The Bolsonaros knew that only an appeal to the higher courts of Brazil would be able to suspend the process of determining whether Flavio Bolsonaro when working as state deputy in Rio de Janeiro, had been involved in the controversial case of corruption or not. On July 15, a decision by Minister Dias Toffoli, president of the Brazilian Federal Supreme Court, suspended all criminal investigations that use, without judicial authorization, detailed data from control bodies such as the Federal Revenue Service, the Central Bank and the Council for Control of Financial Activities (Coaf). This legal issue had been awaiting deliberation of the Brazilian Supreme Court for months. Toffoli decided to bring back to light this issue in less than eight hours after Flavio Bolsonaro’s defense filed the request for suspension of the investigation, giving an air of urgency in a strange way to the case. The defense of Flavio Bolsonaro, headed by lawyer Frederick Wassef, claimed in a petition to the Supreme Court, once again, that the ministry had obtained from the Coaf data of the senator’s financial life without judicial authorization, which would constitute a trickery in his banking secrecy, argument appealed by Toffoli. With this, the investigation into the retired military policeman and former assessor, Fabrício Queiroz, was also suspended.

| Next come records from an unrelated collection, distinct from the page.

theorem lemma2:
  fixes P :: "'a measure" and X :: "nat \<Rightarrow> 'a \<Rightarrow> real"
    and d p :: nat and Ib :: "nat \<Rightarrow> nat set"
    and \<sigma> :: "nat \<Rightarrow> real" and \<eta> :: real and lam :: "nat \<Rightarrow> real"
  assumes "prob_space P"
    and "d \<ge> 1" and "1 \<le> p" and "p \<le> d"
    and rv: "\<And>i. i \<in> {1..d} \<Longrightarrow> X i \<in> borel_measurable P"
    and blocks_ne: "\<And>j. j \<in> {1..p} \<Longrightarrow> Ib j \<noteq> {}"
    and blocks_consec: "\<And>j. j \<in> {1..p} \<Longrightarrow> \<exists>a b. Ib j = {a..b}"
    and blocks_disj: "\<And>j k. j \<in> {1..p} \<Longrightarrow> k \<in> {1..p} \<Longrightarrow> j \<noteq> k \<Longrightarrow> Ib j \<inter> Ib k = {}"
    and blocks_cover: "(\<Union>j\<in>{1..p}. Ib j) = {1..d}"
    and sigma_pos: "\<And>i. i \<in> {1..d} \<Longrightarrow> \<sigma> i > 0"
    and eta: "0 < \<eta>" "\<eta> \<le> 1"
    and marg: "\<And>i t. i \<in> {1..d} \<Longrightarrow> t > 0 \<Longrightarrow>
                 marg_cdf P X i t = exp (- \<sigma> i * t powr (- 1 / \<eta>))"
    and homog: "\<And>s t. s > 0 \<Longrightarrow> (\<forall>i\<in>{1..d}. t i > 0) \<Longrightarrow>
                 ell P d X (\<lambda>i. s * t i) = s powr (- 1 / \<eta>) * ell P d X t"
    and lam_pos: "\<And>j. j \<in> {1..p} \<Longrightarrow> lam j > 0"
  shows "(\<integral>\<omega>. Max ((\<lambda>j. Mmax P X (Ib j) \<omega> powr lam j) ` {1..p}) \<partial>P)
       = (let L = ell P d X (\<lambda>i. \<sigma> i powr \<eta> * (\<Sum>j=1..p. lam j powr \<eta> * delta i (Ib j)))
          in L / (1 + L))"
proof -
  interpret frechet_homogeneous P d X \<sigma> \<eta>
    by (intro frechet_homogeneous.intro frechet_homogeneous_axioms.intro) (fact assms)+
  \<comment> \<open>the exponent of the block of \<open>i\<close>, written so that \<open>\<kappa> i powr \<eta>\<close> is the sum above\<close>
  define \<kappa> where "\<kappa> i = (\<Sum>j=1..p. lam j powr \<eta> * delta i (Ib j)) powr (1 / \<eta>)" for i
  have \<kappa>_block: "\<kappa> i = lam j" if j: "j \<in> {1..p}" and i: "i \<in> Ib j" for i j
  proof -
    have "(\<Sum>k=1..p. lam k powr \<eta> * delta i (Ib k))
        = (\<Sum>k=1..p. if k = j then lam k powr \<eta> else 0)"
      using blocks_disj[OF _ j] i by (intro sum.cong) (auto simp: delta_def)
    then show ?thesis
      using j lam_pos[OF j] eta by (simp add: \<kappa>_def powr_powr)
  qed
  have \<kappa>_pos: "0 < \<kappa> i" if "i \<in> {1..d}" for i
  proof -
    have "i \<in> (\<Union>j\<in>{1..p}. Ib j)" using that blocks_cover by simp
    then obtain j where "j \<in> {1..p}" "i \<in> Ib j" by blast
    then show ?thesis using \<kappa>_block[of j i] lam_pos[of j] by simp
  qed
  have "Max ((\<lambda>j. Mmax P X (Ib j) \<omega> powr lam j) ` {1..p})
      = Max ((\<lambda>i. marg_cdf P X i (X i \<omega>) powr \<kappa> i) ` {1..d})" for \<omega>
    unfolding Mmax_def blocks_cover[symmetric]
  proof (rule Max_powr_Max_blocks)
    show "finite (Ib j) \<and> Ib j \<noteq> {}" if "j \<in> {1..p}" for j
    proof
      have "Ib j \<subseteq> {1..d}" using that blocks_cover by blast
      then show "finite (Ib j)" by (rule finite_subset) simp
    qed (rule blocks_ne[OF that])
    show "{1..p} \<noteq> {}" using \<open>1 \<le> p\<close> by simp
  qed (simp_all add: lam_pos \<kappa>_block marg_cdf_def)
  moreover have "\<kappa> i powr \<eta> = (\<Sum>j=1..p. lam j powr \<eta> * delta i (Ib j))" for i
    using eta by (simp add: \<kappa>_def powr_powr sum_nonneg delta_def)
  ultimately show ?thesis
    using expectation_Max_powr[OF \<kappa>_pos] by (simp add: Let_def)
qed

end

In his public declaration, Minister Toffoli stated that the suspension of criminal investigations based on detailed data from control bodies is only temporary and valid until the end of November when the Supreme Court’s plenary will consider discussing the case. The exchange of banking and tax information by prosecutors on the country is considered one of the most effective tools for investigating money laundering and white-collar crimes. At the slightest indication of suspicious movement, agencies such as the Central Bank or the Coaf can produce reports and quickly forwarded them to the authorities for investigation. But this has been frozen, at least for now. Queiroz’s attorney said his client also benefited from Minister Dias Toffoli’s decision to paralyze investigations against Senator Flávio Bolsonaro. According to Klein, the injunction granted by the president of the Supreme Court “covers any and all investigations” initiated based on Coaf reports obtained without judicial authorization.
Prosecutors think that this situation can jeopardize other important investigations all over Brazil. Eduardo El Hage, a prosecutor from form the famous anti-corruption operation Lava-Jato in Rio, claimed that the Supreme Court president’s order ‘will suspend practically all money-laundering investigations in Brazil.” Also, Gianpaolo Smanio, head of São Paulo’s Public Ministry, said that investigations into drug trafficking will also be suspended. The Bolsonaros, on the other hand, this time decided to change their strident speech for a silent celebration.
While the answers do not satisfactorily come to the public, the scandal represents a blemish in the image of Jair Bolsonaro and for the context that brought him to the presidency. Officially, the entire top echelon of the Bolsonaro administration remains in silence, expecting that this scandal doesn’t escalate in anything more complex than a private matter of the president’s son. However, quietly that situation shakes the government and overshadows the actions of Bolsonaro in power.
Jorge C. Carrasco is a Cuban journalist and writer based in Brazil. His work has appeared in publications such as Foreign Policy, The Spectator, Washington Examiner, Quillette and Revista ÉPOCA.